Directions for this task -> Report all lines of the records that contain "kbar".

Records for this exercise ->
definition multiset_of :: "nat \<Rightarrow> (nat \<Rightarrow> 'a) \<Rightarrow> (nat \<Rightarrow> nat) \<Rightarrow> 'a multiset" where
  "multiset_of n a k = (\<Sum>i\<in>{1..n}. replicate_mset (k i) (a i))"

definition C :: "nat \<Rightarrow> 'a multiset \<Rightarrow> 'a multiset set" where
  "C m A = {B. B \<subseteq># A \<and> size B = m}"

definition kbar :: "nat \<Rightarrow> (nat \<Rightarrow> nat) \<Rightarrow> nat \<Rightarrow> nat" where
  "kbar n k j = card {i\<in>{1..n}. k i \<ge> j}"

end

theory Submission imports Defs "HOL-Library.FuncSet" begin

text \<open>A submultiset of size m is a vector of multiplicities r i < 2 ^ l i with sum m.
  Writing each r i in binary turns it into a family of sets S_1, ..., S_L, where S_j holds the
  indices i whose digit of weight 2 ^ (j - 1) is 1; such an i has j \<le> l i, so S_j is an
  arbitrary subset of a set of size kbar (2 ^ (j - 1)), and the condition sum r = m becomes
  sum 2 ^ (j - 1) * card S_j = m. Counting the families with prescribed sizes
  card S_j = \<lambda>_j gives the product of binomial coefficients.\<close>

lemma count_multiset_of:
  "inj_on a {1..n} \<Longrightarrow> i \<in> {1..n} \<Longrightarrow> count (multiset_of n a k) (a i) = k i"
  unfolding multiset_of_def by (simp add: count_sum inj_on_eq_iff cong: if_cong)

lemma count_multiset_of_notin:
  "x \<notin> a ` {1..n} \<Longrightarrow> count (multiset_of n a k) x = 0"
  unfolding multiset_of_def by (auto simp: count_sum)

lemma size_multiset_of: "size (multiset_of n a k) = sum k {1..n}"
  unfolding multiset_of_def by (induction n) auto

lemma multiset_of_subseteq_iff:
  assumes "inj_on a {1..n}"
  shows "multiset_of n a r \<subseteq># multiset_of n a k \<longleftrightarrow> (\<forall>i\<in>{1..n}. r i \<le> k i)"
proof
  show "\<forall>i\<in>{1..n}. r i \<le> k i" if "multiset_of n a r \<subseteq># multiset_of n a k"
    using mset_subset_eq_count[OF that] by (metis count_multiset_of[OF assms])
  show "multiset_of n a r \<subseteq># multiset_of n a k" if "\<forall>i\<in>{1..n}. r i \<le> k i"
  proof (rule mset_subset_eqI)
    fix x
    show "count (multiset_of n a r) x \<le> count (multiset_of n a k) x"
      using that by (cases "x \<in> a ` {1..n}")
        (auto simp: count_multiset_of[OF assms] count_multiset_of_notin)
  qed
qed

lemma subseteq_multiset_of_eq:
  assumes "inj_on a {1..n}" and "B \<subseteq># multiset_of n a k"
  shows "B = multiset_of n a (\<lambda>i. count B (a i))"
proof (rule multiset_eqI)
  fix x
  show "count B x = count (multiset_of n a (\<lambda>i. count B (a i))) x"
  proof (cases "x \<in> a ` {1..n}")
    case True
    then show ?thesis using assms(1) by (auto simp: count_multiset_of)
  next
    case False
    then show ?thesis using mset_subset_eq_count[OF assms(2), of x]
      by (simp add: count_multiset_of_notin)
  qed
qed

lemma card_C_multiset_of:
  assumes inj: "inj_on a {1..n}"
  shows "card (C m (multiset_of n a k)) =
    card {r. (\<forall>i. i \<notin> {1..n} \<longrightarrow> r i = 0) \<and> (\<forall>i\<in>{1..n}. r i \<le> k i) \<and> sum r {1..n} = m}"
    (is "_ = card ?R")
proof -
  have "inj_on (multiset_of n a) ?R"
  proof (rule inj_onI)
    fix r r' assume r: "r \<in> ?R" and r': "r' \<in> ?R" and eq: "multiset_of n a r = multiset_of n a r'"
    show "r = r'"
    proof
      fix i
      show "r i = r' i"
      proof (cases "i \<in> {1..n}")
        case True
        then show ?thesis using eq count_multiset_of[OF inj True] by metis
      qed (use r r' in auto)
    qed
  qed
  moreover have "multiset_of n a ` ?R = C m (multiset_of n a k)"
  proof
    show "multiset_of n a ` ?R \<subseteq> C m (multiset_of n a k)"
      using inj by (auto simp: C_def multiset_of_subseteq_iff size_multiset_of)
    show "C m (multiset_of n a k) \<subseteq> multiset_of n a ` ?R"
    proof
      fix B assume B: "B \<in> C m (multiset_of n a k)"
      define r where "r i = (if i \<in> {1..n} then count B (a i) else 0)" for i
      have B_eq: "B = multiset_of n a r"
        using subseteq_multiset_of_eq[OF inj, of B k] B
        by (simp add: C_def multiset_of_def r_def)
      have "multiset_of n a r \<subseteq># multiset_of n a k" "size (multiset_of n a r) = m"
        using B by (simp_all add: C_def B_eq[symmetric])
      then have "r \<in> ?R"
        by (auto simp: r_def multiset_of_subseteq_iff[OF inj] size_multiset_of)
      with B_eq show "B \<in> multiset_of n a ` ?R" by blast
    qed
  qed
  ultimately show ?thesis using card_image by fastforce
qed

text \<open>Slices are indexed from 1: S j is the slice of the digit of weight 2 ^ (j - 1).\<close>

definition digit_value :: "nat \<Rightarrow> (nat \<Rightarrow> 'i set) \<Rightarrow> 'i \<Rightarrow> nat" where
  "digit_value L S i = (\<Sum>k<L. of_bool (i \<in> S (Suc k)) * 2 ^ k)"

definition bit_slices :: "nat \<Rightarrow> ('i \<Rightarrow> nat) \<Rightarrow> nat \<Rightarrow> 'i set" where
  "bit_slices L r = restrict (\<lambda>j. {i. bit (r i) (j - 1)}) {1..L}"

lemma bit_digit_value: "bit (digit_value L S i) k \<longleftrightarrow> k < L \<and> i \<in> S (Suc k)"
proof -
  have "digit_value L S i = horner_sum of_bool 2 (map (\<lambda>k. i \<in> S (Suc k)) [0..<L])"
    by (simp add: digit_value_def horner_sum_eq_sum lessThan_atLeast0)
  then show ?thesis
    by (auto simp only: bit_horner_sum_bit_iff possible_bit_def) (auto simp: nth_map_upt)
qed

lemma digit_value_less_exp:
  assumes "\<And>k. k < L \<Longrightarrow> i \<in> S (Suc k) \<Longrightarrow> k < K"
  shows "digit_value L S i < 2 ^ K"
proof -
  have "take_bit K (digit_value L S i) = digit_value L S i"
    by (rule bit_eqI) (auto simp: bit_take_bit_iff bit_digit_value assms)
  then show ?thesis by (metis take_bit_nat_less_exp)
qed

lemma digit_value_bit_slices:
  assumes "r i < 2 ^ L"
  shows "digit_value L (bit_slices L r) i = r i"
proof -
  have "digit_value L (bit_slices L r) i = (\<Sum>k<L. of_bool (bit (r i) k) * 2 ^ k)"
    by (simp add: digit_value_def bit_slices_def)
  also have "\<dots> = r i"
    using take_bit_sum[of L "r i"] take_bit_nat_eq_self[OF assms]
    by (simp add: push_bit_eq_mult lessThan_atLeast0 mult.commute)
  finally show ?thesis .
qed

lemma bit_slices_digit_value:
  assumes "S \<in> extensional {1..L}"
  shows "bit_slices L (digit_value L S) = S"
proof
  fix j
  show "bit_slices L (digit_value L S) j = S j"
  proof (cases "j \<in> {1..L}")
    case True
    then have "Suc (j - 1) = j" "j - 1 < L" by auto
    with True show ?thesis by (simp add: bit_slices_def bit_digit_value)
  qed (use assms in \<open>auto simp: bit_slices_def extensional_def\<close>)
qed

lemma sum_digit_value:
  assumes "finite I" and "\<And>j. j \<in> {1..L} \<Longrightarrow> S j \<subseteq> I"
  shows "(\<Sum>i\<in>I. digit_value L S i) = (\<Sum>j\<in>{1..L}. 2 ^ (j - 1) * card (S j))"
proof -
  have "(\<Sum>i\<in>I. digit_value L S i) = (\<Sum>k<L. \<Sum>i\<in>I. of_bool (i \<in> S (Suc k)) * 2 ^ k)"
    unfolding digit_value_def by (rule sum.swap)
  also have "\<dots> = (\<Sum>k<L. 2 ^ k * card (S (Suc k)))"
  proof (rule sum.cong[OF refl])
    fix k assume "k \<in> {..<L}"
    then have "I \<inter> {i. i \<in> S (Suc k)} = S (Suc k)" using assms(2)[of "Suc k"] by auto
    then show "(\<Sum>i\<in>I. of_bool (i \<in> S (Suc k)) * 2 ^ k) = 2 ^ k * card (S (Suc k))"
      using assms(1) by (simp add: sum_distrib_right[symmetric] mult.commute)
  qed
  also have "\<dots> = (\<Sum>j\<in>{1..L}. 2 ^ (j - 1) * card (S j))"
    by (induction L) auto
  finally show ?thesis .
qed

Response box ->
definition kbar :: "nat \<Rightarrow> (nat \<Rightarrow> nat) \<Rightarrow> nat \<Rightarrow> nat" where
  "kbar n k j = card {i\<in>{1..n}. k i \<ge> j}"
  arbitrary subset of a set of size kbar (2 ^ (j - 1)), and the condition sum r = m becomes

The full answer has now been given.